Assigned task:
Print, exactly as written, every line from the first line of the records below through the line containing "real) \<Rightarrow> (real", and nothing further.

(Records for the task)

section \<open>Scalar ODEs: uniqueness and comparison\<close>

definition solves_ode_on :: "(real \<Rightarrow> real \<Rightarrow> real) \<Rightarrow> (real \<Rightarrow> real) \<Rightarrow> real \<Rightarrow> real \<Rightarrow> bool" where
  "solves_ode_on G y a b \<longleftrightarrow>
     (\<forall>t\<in>{a..b}. (y has_real_derivative G t (y t)) (at t within {a..b}))"

lemma solves_ode_on_subinterval:
  assumes "solves_ode_on G y a b" "a \<le> a'" "b' \<le> b"
  shows "solves_ode_on G y a' b'"
  using assms unfolding solves_ode_on_def
  by (auto intro: DERIV_subset[where s = "{a..b}"])

lemma solves_ode_on_continuous: "solves_ode_on G y a b \<Longrightarrow> continuous_on {a..b} y"
  unfolding solves_ode_on_def by (rule DERIV_continuous_on) blast

lemma has_real_derivative_nonneg_imp_le:
  fixes g :: "real \<Rightarrow> real"
  assumes "a \<le> b"
    and "\<And>x. x \<in> {a..b} \<Longrightarrow> (g has_real_derivative g' x) (at x within {a..b})"
    and "\<And>x. x \<in> {a..b} \<Longrightarrow> 0 \<le> g' x"
  shows "g a \<le> g b"
proof -
  obtain x where "x \<in> {a..b}" "g b - g a = g' x * (b - a)"
    using mvt_very_simple[of a b g "\<lambda>x h. g' x * h"] assms
    by (auto simp: has_field_derivative_def)
  with assms show ?thesis by (metis diff_ge_0_iff_ge zero_le_mult_iff)
qed

lemma gronwall_vanishing:
  fixes Q Q' :: "real \<Rightarrow> real"
  assumes deriv: "\<And>s. s \<in> {a..b} \<Longrightarrow> (Q has_real_derivative Q' s) (at s within {a..b})"
    and growth: "\<And>s. s \<in> {a..b} \<Longrightarrow> \<bar>Q' s\<bar> \<le> K * Q s"
    and nonneg: "\<And>s. s \<in> {a..b} \<Longrightarrow> 0 \<le> Q s"
    and zero: "t0 \<in> {a..b}" "Q t0 = 0"
    and t: "t \<in> {a..b}"
  shows "Q t = 0"
proof -
  have deriv': "(Q has_real_derivative Q' s) (at s within {x..y})"
    if "{x..y} \<subseteq> {a..b}" "s \<in> {x..y}" for x y s
    using DERIV_subset[OF deriv that(1)] that by auto
  have "Q t \<le> 0"
  proof (cases "t0 \<le> t")
    case True
    have "- Q t0 * exp (- K * t0) \<le> - Q t * exp (- K * t)"
    proof (rule has_real_derivative_nonneg_imp_le[where g = "\<lambda>s. - Q s * exp (- K * s)"])
      fix s assume s: "s \<in> {t0..t}"
      with zero t have "s \<in> {a..b}" by auto
      with growth[of s] show "0 \<le> - (Q' s - K * Q s) * exp (- K * s)"
        by (intro mult_nonneg_nonneg) auto
      show "((\<lambda>s. - Q s * exp (- K * s)) has_real_derivative
          - (Q' s - K * Q s) * exp (- K * s)) (at s within {t0..t})"
        using s zero t
        by (auto intro!: derivative_eq_intros deriv' simp: algebra_simps)
    qed (use True in auto)
    with zero show ?thesis by (simp add: mult_le_0_iff)
  next
    case False
    have "Q t * exp (K * t) \<le> Q t0 * exp (K * t0)"
    proof (rule has_real_derivative_nonneg_imp_le[where g = "\<lambda>s. Q s * exp (K * s)"])
      fix s assume s: "s \<in> {t..t0}"
      with zero t have "s \<in> {a..b}" by auto
      with growth[of s] show "0 \<le> (Q' s + K * Q s) * exp (K * s)"
        by (intro mult_nonneg_nonneg) auto
      show "((\<lambda>s. Q s * exp (K * s)) has_real_derivative
          (Q' s + K * Q s) * exp (K * s)) (at s within {t..t0})"
        using s zero t
        by (auto intro!: derivative_eq_intros deriv' simp: algebra_simps)
    qed (use False in auto)
    with zero show ?thesis by (simp add: mult_le_0_iff)
  qed
  with nonneg[OF t] show ?thesis by simp
qed

lemma ode_solution_unique:
  assumes y: "solves_ode_on G y a b" and z: "solves_ode_on G z a b"
    and range: "\<And>t. t \<in> {a..b} \<Longrightarrow> y t \<in> I" "\<And>t. t \<in> {a..b} \<Longrightarrow> z t \<in> I"
    and lipschitz: "\<And>t. t \<in> {a..b} \<Longrightarrow> L-lipschitz_on I (G t)"
    and agree: "t0 \<in> {a..b}" "y t0 = z t0"
    and t: "t \<in> {a..b}"
  shows "y t = z t"
proof -
  have "(y t - z t)\<^sup>2 = 0"
  proof (rule gronwall_vanishing[where Q = "\<lambda>s. (y s - z s)\<^sup>2" and K = "2 * L"])
    fix s assume s: "s \<in> {a..b}"
    have "(y has_real_derivative G s (y s)) (at s within {a..b})"
      "(z has_real_derivative G s (z s)) (at s within {a..b})"
      using y z s by (auto simp: solves_ode_on_def)
    then show "((\<lambda>s. (y s - z s)\<^sup>2) has_real_derivative
        2 * (y s - z s) * (G s (y s) - G s (z s))) (at s within {a..b})"
      by (auto intro!: derivative_eq_intros)
    have "\<bar>G s (y s) - G s (z s)\<bar> \<le> L * \<bar>y s - z s\<bar>"
      using lipschitz_onD[OF lipschitz[OF s] range[OF s]] by (simp add: dist_real_def)
    then have "\<bar>2 * (y s - z s) * (G s (y s) - G s (z s))\<bar>
        \<le> 2 * (\<bar>y s - z s\<bar> * (L * \<bar>y s - z s\<bar>))"
      unfolding abs_mult abs_numeral mult.assoc by (intro mult_left_mono) auto
    also have "\<dots> = 2 * L * (y s - z s)\<^sup>2"
      by (simp add: power2_eq_square algebra_simps flip: abs_mult)
    finally show "\<bar>2 * (y s - z s) * (G s (y s) - G s (z s))\<bar> \<le> 2 * L * (y s - z s)\<^sup>2" .
  qed (use agree t in auto)
  then show ?thesis by simp
qed

lemma last_nonneg_point:
  fixes D :: "real \<Rightarrow> real"
  assumes cont: "continuous_on {x..y} D" and "x \<le> y" "0 \<le> D x"
  obtains s where "s \<in> {x..y}" "0 \<le> D s" "\<And>u. s < u \<Longrightarrow> u \<le> y \<Longrightarrow> D u < 0"
proof -
  define Z where "Z = {s \<in> {x..y}. 0 \<le> D s}"
  have "closed Z" unfolding Z_def
    by (intro continuous_on_closed_Collect_le continuous_on_const cont) simp
  moreover have "x \<in> Z" using assms by (simp add: Z_def)
  moreover have "bdd_above Z" unfolding Z_def by (rule bdd_aboveI[of _ y]) auto
  ultimately have "Sup Z \<in> Z" by (intro closed_contains_Sup) auto
  moreover have "D u < 0" if "Sup Z < u" "u \<le> y" for u
    using that cSup_upper[OF _ \<open>bdd_above Z\<close>, of u] \<open>Sup Z \<in> Z\<close> by (force simp: Z_def)
  ultimately show ?thesis using that by (auto simp: Z_def)
qed

lemma upcrossing_zeros_imp_negative:
  fixes D :: "real \<Rightarrow> real"
  assumes cont: "continuous_on {a..b} D"
    and end_zero: "D b = 0"
    and upcrossing: "\<And>s. s \<in> {a..b} \<Longrightarrow> D s = 0 \<Longrightarrow>
        \<exists>l>0. (D has_real_derivative l) (at s within {a..b})"
    and t0: "t0 \<in> {a..<b}"
  shows "D t0 < 0"
proof (rule ccontr)
  assume "\<not> D t0 < 0"
  obtain l where "l > 0" "(D has_real_derivative l) (at b within {a..b})"
    using upcrossing[OF _ end_zero] t0 by auto
  from has_real_derivative_pos_inc_left[OF this(2,1)] obtain \<delta> where \<delta>: "\<delta> > 0"
    and left_of_b: "\<And>h. h > 0 \<Longrightarrow> b - h \<in> {a..b} \<Longrightarrow> h < \<delta> \<Longrightarrow> D (b - h) < 0"
    using end_zero by metis
  have "t0 \<le> b - \<delta>"
    using left_of_b[of "b - t0"] t0 \<open>\<not> D t0 < 0\<close> by force
  moreover have "continuous_on {t0..b - \<delta> / 2} D"
    by (rule continuous_on_subset[OF cont]) (use t0 \<delta> in auto)
  ultimately obtain ts where ts: "ts \<in> {t0..b - \<delta> / 2}" "0 \<le> D ts"
    and after_ts: "\<And>u. ts < u \<Longrightarrow> u \<le> b - \<delta> / 2 \<Longrightarrow> D u < 0"
    using last_nonneg_point[of t0 "b - \<delta> / 2" D] \<delta> \<open>\<not> D t0 < 0\<close> by auto
  have ts_ab: "ts \<in> {a..<b}" using ts t0 \<delta> by auto
  have right_of_ts: "D s < 0" if "ts < s" "s < b" for s
    using after_ts[of s] left_of_b[of "b - s"] that ts_ab by (cases "s \<le> b - \<delta> / 2") auto
  show False
  proof (cases "D ts = 0")
    case True
    obtain l where "l > 0" "(D has_real_derivative l) (at ts within {a..b})"
      using upcrossing[OF _ True] ts_ab by auto
    from has_real_derivative_pos_inc_right[OF this(2,1)] obtain e where e: "e > 0"
      and inc: "\<And>h. h > 0 \<Longrightarrow> ts + h \<in> {a..b} \<Longrightarrow> h < e \<Longrightarrow> D ts < D (ts + h)"
      by blast
    define h where "h = min e (b - ts) / 2"
    have h: "0 < h" "h < e" "ts + h < b" using e ts_ab by (auto simp: h_def min_def field_simps)
    then have "D ts < D (ts + h)" using inc ts_ab by auto
    with right_of_ts[of "ts + h"] h True show False by auto
  next
    case False
    then have "0 < D ts" using ts by simp
    moreover have "D ((ts + b) / 2) < 0" using right_of_ts ts_ab by auto
    moreover have "continuous_on {ts..(ts + b) / 2} D"
      by (rule continuous_on_subset[OF cont]) (use ts_ab in auto)
    ultimately obtain x where "ts \<le> x" "x \<le> (ts + b) / 2" "D x = 0"
      using IVT2'[of D "(ts + b) / 2" 0 ts] ts_ab by auto
    with right_of_ts[of x] \<open>0 < D ts\<close> ts_ab show False by (cases "x = ts") auto
  qed
qed

text \<open>Where the solution meets the curve its slope is \<open>0\<close> and the curve's is negative, so it
  can only cross the curve upwards.\<close>
lemma ode_solution_below_decreasing_curve:
  fixes y p :: "real \<Rightarrow> real"
  assumes y: "solves_ode_on G y a b"
    and p_decreasing: "\<And>t. \<exists>d. (p has_real_derivative d) (at t) \<and> d < 0"
    and end_on_curve: "y b = p b"
    and flat_on_curve: "\<And>t. t \<in> {a..b} \<Longrightarrow> y t = p t \<Longrightarrow> G t (y t) = 0"
    and t0: "t0 \<in> {a..<b}"
  shows "y t0 < p t0"
proof -
  obtain p' where p': "\<And>t. (p has_real_derivative p' t) (at t)" "\<And>t. p' t < 0"
    using p_decreasing by metis
  have deriv: "((\<lambda>s. y s - p s) has_real_derivative G s (y s) - p' s) (at s within {a..b})"
    if "s \<in> {a..b}" for s
    using y that unfolding solves_ode_on_def
    by (intro derivative_intros has_field_derivative_at_within[OF p'(1)]) auto
  have "y t0 - p t0 < 0"
  proof (rule upcrossing_zeros_imp_negative[OF DERIV_continuous_on[OF deriv] _ _ t0])
    fix s assume "s \<in> {a..b}" "y s - p s = 0"
    with deriv[of s] flat_on_curve[of s] p'(2)[of s]
    show "\<exists>l>0. ((\<lambda>s. y s - p s) has_real_derivative l) (at s within {a..b})"
      by (intro exI[of _ "- p' s"]) auto
  qed (use end_on_curve in auto)
  then show ?thesis by simp
qed

lemma ode_solution_above_equilibrium:
  assumes y: "solves_ode_on G y a b"
    and range: "\<And>t. t \<in> {a..b} \<Longrightarrow> y t \<in> I" and "c \<in> I"
    and lipschitz: "\<And>t. t \<in> {a..b} \<Longrightarrow> L-lipschitz_on I (G t)"
    and equilibrium: "\<And>t. t \<in> {a..b} \<Longrightarrow> G t c = 0"
    and end_above: "c < y b"
    and t: "t \<in> {a..b}"
  shows "c < y t"
proof (rule ccontr)
  assume "\<not> c < y t"
  then obtain x where x: "x \<in> {t..b}" "y x = c"
    using IVT'[of y t c b] end_above t
      continuous_on_subset[OF solves_ode_on_continuous[OF y], of "{t..b}"] by auto
  have "solves_ode_on G (\<lambda>_. c) a b"
    using equilibrium by (simp add: solves_ode_on_def)
  then have "y b = c"
    using ode_solution_unique[OF y _ range _ lipschitz, of "\<lambda>_. c" x b] x t \<open>c \<in> I\<close> by auto
  with end_above show False by simp
qed

section \<open>Existence by weighted Picard iteration\<close>

lemma integral_exp_weight:
  fixes lam :: real
  assumes "lam \<noteq> 0" "t \<le> b"
  shows "integral {t..b} (\<lambda>s. exp (lam * (b - s))) = (exp (lam * (b - t)) - 1) / lam"
proof -
  have "((\<lambda>s. exp (lam * (b - s))) has_integral
      (- exp (lam * (b - b)) / lam - - exp (lam * (b - t)) / lam)) {t..b}"
  proof (rule fundamental_theorem_of_calculus[OF assms(2)])
    fix x assume "x \<in> {t..b}"
    show "((\<lambda>s. - exp (lam * (b - s)) / lam) has_vector_derivative exp (lam * (b - x)))
        (at x within {t..b})"
      unfolding has_real_derivative_iff_has_vector_derivative[symmetric]
      using assms(1) by (auto intro!: derivative_eq_intros)
  qed
  then show ?thesis by (simp add: integral_unique diff_divide_distrib)
qed

lemma continuous_on_compose_graph:
  fixes G :: "real \<Rightarrow> real \<Rightarrow> real"
  assumes "continuous_on UNIV (\<lambda>q. G (fst q) (snd q))" "continuous_on T z"
  shows "continuous_on T (\<lambda>s. G s (z s))"
  using continuous_on_compose2[OF assms(1) continuous_on_Pair[OF continuous_on_id assms(2)]] by simp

(End Records for the task)

Response to this exercise:
section \<open>Scalar ODEs: uniqueness and comparison\<close>

definition solves_ode_on :: "(real \<Rightarrow> real \<Rightarrow> real) \<Rightarrow> (real \<Rightarrow> real) \<Rightarrow> real \<Rightarrow> real \<Rightarrow> bool" where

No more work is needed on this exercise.